Посмотрев Томасу в глаза, миссис Ковингтон откинулась назад и отпила глоток чаю, удовлетворенная его откликом.
— Но вы считаете, это неправда? — спросил он, разрывая напряжение.
— Есть кое-какие проблемы с датами, — сказала миссис Ковингтон, снова становясь профессионально отрешенной. — Если Елизавета забеременела до того, как взошла на трон, то отцом ребенка, скорее всего, был верховный адмирал сэр Томас Сеймур, дядя юного короля Эдуарда. На сей счет ходили упорные слухи.

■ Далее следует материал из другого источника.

definition locally_Euclidean :: "'b topology \<Rightarrow> nat \<Rightarrow> bool" where
  "locally_Euclidean T n \<longleftrightarrow> (\<forall>p\<in>topspace T. Euclidean_neighbourhood T n p)"

lemma Euclidean_neighbourhoodI:
  assumes "openin T W" "p \<in> W" "openin (Euclidean_space n) U"
    "homeomorphic_maps (subtopology T W) (subtopology (Euclidean_space n) U) f g"
  shows "Euclidean_neighbourhood T n p"
  unfolding Euclidean_neighbourhood_def using assms by (intro exI conjI)

lemma Euclidean_neighbourhoodE:
  assumes "Euclidean_neighbourhood T n p"
  obtains W U f g where "openin T W" "p \<in> W" "openin (Euclidean_space n) U"
    "homeomorphic_maps (subtopology T W) (subtopology (Euclidean_space n) U) f g"
  using assms unfolding Euclidean_neighbourhood_def by (elim exE conjE) (rule that)

lemma locally_EuclideanE:
  assumes "locally_Euclidean T n" and "p \<in> topspace T"
  obtains W U f g where "openin T W" "p \<in> W" "openin (Euclidean_space n) U"
    "homeomorphic_maps (subtopology T W) (subtopology (Euclidean_space n) U) f g"
proof -
  have "Euclidean_neighbourhood T n p" using assms unfolding locally_Euclidean_def by blast
  then show thesis by (rule Euclidean_neighbourhoodE) (rule that)
qed

lemma homeomorphic_maps_preimage_subtopology:
  assumes gg: "homeomorphic_maps S T g g'"
  shows "homeomorphic_maps (subtopology S {x \<in> topspace S. g x \<in> W}) (subtopology T W) g g'"
proof (rule homeomorphic_maps_subtopologies[OF gg])
  have g: "continuous_map S T g" and g': "continuous_map T S g'"
    and g'g: "\<And>y. y \<in> topspace T \<Longrightarrow> g (g' y) = y"
    using gg by (simp_all add: homeomorphic_maps_def)
  show "g ` (topspace S \<inter> {x \<in> topspace S. g x \<in> W}) = topspace T \<inter> W"
  proof
    show "g ` (topspace S \<inter> {x \<in> topspace S. g x \<in> W}) \<subseteq> topspace T \<inter> W"
      using continuous_map_image_subset_topspace[OF g] by auto
    show "topspace T \<inter> W \<subseteq> g ` (topspace S \<inter> {x \<in> topspace S. g x \<in> W})"
    proof
      fix y assume y: "y \<in> topspace T \<inter> W"
      then have "g' y \<in> topspace S \<inter> {x \<in> topspace S. g x \<in> W}"
        using continuous_map_image_subset_topspace[OF g'] g'g by auto
      then show "y \<in> g ` (topspace S \<inter> {x \<in> topspace S. g x \<in> W})" using g'g y by (metis IntD1 image_eqI)
    qed
  qed
qed

lemma Euclidean_neighbourhood_homeomorphic_maps:
  assumes gg: "homeomorphic_maps S T g g'" and p: "p \<in> topspace S"
    and "Euclidean_neighbourhood T n (g p)"
  shows "Euclidean_neighbourhood S n p"
proof -
  obtain W U f f' where W: "openin T W" "g p \<in> W" and U: "openin (Euclidean_space n) U"
    and ff: "homeomorphic_maps (subtopology T W) (subtopology (Euclidean_space n) U) f f'"
    using assms(3) by (rule Euclidean_neighbourhoodE)
  have g: "continuous_map S T g" using gg by (simp add: homeomorphic_maps_def)
  have "homeomorphic_maps (subtopology S {x \<in> topspace S. g x \<in> W}) (subtopology (Euclidean_space n) U)
      (f \<circ> g) (g' \<circ> f')"
    using homeomorphic_maps_preimage_subtopology[OF gg] ff homeomorphic_maps_compose by blast
  moreover have "openin S {x \<in> topspace S. g x \<in> W}" using g W(1) by (rule openin_continuous_map_preimage)
  moreover have "p \<in> {x \<in> topspace S. g x \<in> W}" using p W(2) by simp
  ultimately show ?thesis using U by (intro Euclidean_neighbourhoodI)
qed

lemma locally_Euclidean_homeomorphic_space:
  assumes "S homeomorphic_space T" and "locally_Euclidean T n"
  shows "locally_Euclidean S n"
proof -
  obtain g g' where gg: "homeomorphic_maps S T g g'"
    using assms(1) homeomorphic_space_def by blast
  have "g p \<in> topspace T" if "p \<in> topspace S" for p
    using gg that unfolding homeomorphic_maps_def continuous_map_def by blast
  then show ?thesis
    using assms(2) Euclidean_neighbourhood_homeomorphic_maps[OF gg] unfolding locally_Euclidean_def by blast
qed

lemma continuous_map_powertop_subtopology_projection:
  "continuous_map (subtopology (powertop_real UNIV) S) euclideanreal (\<lambda>x. x k)"
  by (metis UNIV_I continuous_map_from_subtopology continuous_map_product_projection)

lemma continuous_map_Euclidean_space_projection:
  "continuous_map (Euclidean_space n) euclideanreal (\<lambda>x. x k)"
  unfolding Euclidean_space_def by (rule continuous_map_powertop_subtopology_projection)

lemma sum_atMost_split_last: "(\<Sum>i\<le>n. f i) = (\<Sum>i<n. f i) + (f (n::nat) :: 'b :: comm_monoid_add)"
  using sum.lessThan_Suc[of f n] by (simp add: lessThan_Suc_atMost)

lemma homeomorphic_maps_nsphere_hemisphere_ball:
  "homeomorphic_maps
     (subtopology (nsphere n) {z \<in> topspace (nsphere n). 0 < z n})
     (subtopology (Euclidean_space n) {y \<in> topspace (Euclidean_space n). (\<Sum>j<n. y j ^ 2) < 1})
     (\<lambda>z i. if i < n then z i else 0)
     (\<lambda>y i. if i < n then y i else if i = n then sqrt (1 - (\<Sum>j<n. y j ^ 2)) else 0)"
  (is "homeomorphic_maps ?H ?B ?\<pi> ?lift")
proof -
  have sphere_eq: "(\<Sum>j<n. z j ^ 2) = 1 - z n ^ 2" if "z \<in> topspace (nsphere n)" for z
    using that by (simp add: nsphere sum_atMost_split_last)
  have "continuous_map ?H (Euclidean_space n) ?\<pi>"
    by (simp add: continuous_map_componentwise_Euclidean_space continuous_map_from_subtopology
        continuous_map_nsphere_projection)
  moreover have "?\<pi> z \<in> topspace ?B" if "z \<in> topspace ?H" for z
    using that sphere_eq[of z] by (auto simp: topspace_Euclidean_space)
  ultimately have \<pi>: "continuous_map ?H ?B ?\<pi>"
    by (auto simp: continuous_map_in_subtopology)
  have "continuous_map ?B euclideanreal (\<lambda>y. ?lift y i)" for i
    by (cases "i < n"; cases "i = n")
       (simp_all add: continuous_map_from_subtopology continuous_map_Euclidean_space_projection continuous_intros)
  then have "continuous_map ?B (powertop_real UNIV) ?lift"
    by (simp add: continuous_map_componentwise_UNIV)
  moreover have "?lift y \<in> topspace ?H" if "y \<in> topspace ?B" for y
    using that by (simp add: nsphere sum_atMost_split_last)
  ultimately have lift: "continuous_map ?B ?H ?lift"
    by (auto simp: continuous_map_in_subtopology nsphere subtopology_subtopology)
  have "?lift (?\<pi> z) = z" if "z \<in> topspace ?H" for z
  proof -
    have "sqrt (1 - (\<Sum>j<n. z j ^ 2)) = z n"
      using that sphere_eq[of z] by (simp add: real_sqrt_unique)
    then show ?thesis using that by (auto simp: fun_eq_iff nsphere)
  qed
  moreover have "?\<pi> (?lift y) = y" if "y \<in> topspace ?B" for y
    using that by (auto simp: fun_eq_iff topspace_Euclidean_space)
  ultimately show ?thesis using \<pi> lift by (simp add: homeomorphic_maps_def)
qed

Есть документы, позволяющие предположить, что этот вопрос серьезно изучался. Какая-то доля правды тут определенно имеется. Однако Сеймур впал в немилость и был казнен в тысяча пятьсот сорок девятом году. Если легенда верна, то все должно было произойти до того, как Елизавета получила в подарок этот дом, прежде чем ее поместили под домашний арест по приказу сестры. Полностью исключить такой вариант нельзя, потому что прежде дом принадлежал мачехе Елизаветы Екатерине Парр, так что она могла там гостить, но, боюсь, правду мы уже никогда не узнаем. — Женщина опять подалась вперед, улыбнулась так, что все ее лицо полностью изменилось, и добавила: — Сногсшибательная легенда, вы не находите?
— Абсолютно с вами согласен, — задумчиво произнес Томас.
Найт проводил ее обратно до института, и они задержались у дверей.
— Благодарю вас за чай, — сказала миссис Ковингтон.
— Это вам спасибо за приятное общество, — учтиво ответил Томас.
— Боюсь, мистер Найт, я в вас ошибалась, — призналась она.
— Что ж, бывает, — улыбнулся он.
Повернув ключ в замке, миссис Ковингтон толкнула дверь. Прямо за порогом стояли двое мужчин.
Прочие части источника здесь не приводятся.